Welch Brian T, Brinjikji Waleed, Schmit Grant D, Callstrom Matthew R, Kurup A Nicholas, Cloft Harry J, Woodrum David A, Nichols Francis C, Atwell Thomas D
Department of Radiology, Mayo Clinic, 200 First Street SW, Rochester, MN 55905.
Department of Radiology, Mayo Clinic, 200 First Street SW, Rochester, MN 55905.
J Vasc Interv Radiol. 2015 Jun;26(6):787-91. doi: 10.1016/j.jvir.2015.02.019. Epub 2015 Apr 10.
To perform a national analysis of the safety and cost of percutaneous image-guided lung malignancy ablation.
Using the National (Nationwide) Inpatient Sample, we evaluated complications, need for further intervention, in-hospital mortality, length of hospitalization, and hospital charges for patients undergoing inpatient percutaneous image-guided lung ablation in the United States during the period 2007-2011. Additionally, an analysis of the relationship between specific patient factors, procedural complications, and mortality was performed.

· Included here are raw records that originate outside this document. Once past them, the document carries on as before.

theorem mainTheorem9:
  fixes a :: real and \<gamma> :: "int \<Rightarrow> complex"
  assumes "a > 1"
    and "bounded (range \<gamma>)"
    and "q 2 \<gamma> < \<infinity>"
  shows "C2 (Aop a) (domA a) (Dop \<gamma>)"
proof -
  obtain G where G: "\<And>k. cmod (\<gamma> k) \<le> G" using assms(2) unfolding bounded_iff by auto
  have q1: "q (Suc 0) \<gamma> < \<infinity>" by (rule le_less_trans[OF q_mono assms(3)]) simp
  obtain B1 where B1: "\<And>k. cmod (of_int k ^ Suc 0 * (Delta ^^ Suc 0) \<gamma> k) \<le> B1"
    using q_finite_imp_bounded[OF q1] by blast
  have q2: "q (Suc 1) \<gamma> < \<infinity>" by (rule le_less_trans[OF q_mono assms(3)]) simp
  obtain B2 where B2: "\<And>k. cmod (of_int k ^ Suc 1 * (Delta ^^ Suc 1) \<gamma> k) \<le> B2"
    using q_finite_imp_bounded[OF q2] by blast
  interpret commutator_setting \<gamma> G B1 B2 a
    by unfold_locales (use G B1 B2 assms(1) in \<open>simp_all add: numeral_2_eq_2\<close>)
  show ?thesis by (rule C2_Aop_Dop)
qed

end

The study group consisted of 3,344 patients, including 2,072 (61.9%) patients treated for primary lung carcinomas and 1,277 (38.1%) patients treated for pulmonary metastatic disease. In-hospital mortality occurred after 43 (1.3%) ablation procedures. A Charlson comorbidity index score ≥ 4 was associated with higher mortality (odds ratio [OR], 2.84; 95% confidence interval [CI], 1.16-6.91). Pneumothorax was the most common complication (38.4%), followed by pneumonia (5.7%) and effusion (4.0%). Neither pneumothorax nor chest tube insertion was associated with higher in-hospital mortality rates (pneumothorax, OR, 1.10; 95% CI, 0.59-2.04, and chest tube insertion, OR, 1.45; 95% CI, 0.78-2.68). Surgical reintervention via thoracoscopy or thoracotomy occurred in 31 cases (0.9%). Median length of hospitalization was 1 day (interquartile range, 1-3 d), and median hospital charges were $22,320 (interquartile range, $13,705-$43,026).
Percutaneous image-guided lung ablation of primary and metastatic disease has an acceptable safety profile, and surgical reintervention is rarely required. The most frequent complications of percutaneous lung ablation were not associated with increased in-hospital mortality.
对经皮影像引导下肺恶性肿瘤消融术的安全性和成本进行全国性分析。
利用全国住院患者样本,我们评估了2007 - 2011年期间在美国接受住院经皮影像引导下肺消融术患者的并发症、进一步干预的需求、住院死亡率、住院时间和住院费用。此外,还对特定患者因素、手术并发症和死亡率之间的关系进行了分析。
研究组包括3344例患者,其中2072例(61.9%)为原发性肺癌患者,1277例(38.1%)为肺转移性疾病患者。43例(1.3%)消融术后发生住院死亡。查尔森合并症指数评分≥4与较高的死亡率相关(比值比[OR],2.84;95%置信区间[CI],1.16 - 6.91)。气胸是最常见的并发症(38.4%),其次是肺炎(5.7%)和胸腔积液(4.0%)。气胸和胸腔置管均与较高的住院死亡率无关(气胸,OR,1.10;95% CI,0.59 - 2.04;胸腔置管,OR,1.45;95% CI,0.78 - 2.68)。31例(0.9%)患者通过胸腔镜或开胸手术进行了再次干预。中位住院时间为1天(四分位间距,1 - 3天),中位住院费用为22320美元(四分位间距,13705 - 43026美元)。
经皮影像引导下原发性和转移性疾病的肺消融术具有可接受的安全性,很少需要再次手术干预。经皮肺消融术最常见的并发症与住院死亡率增加无关。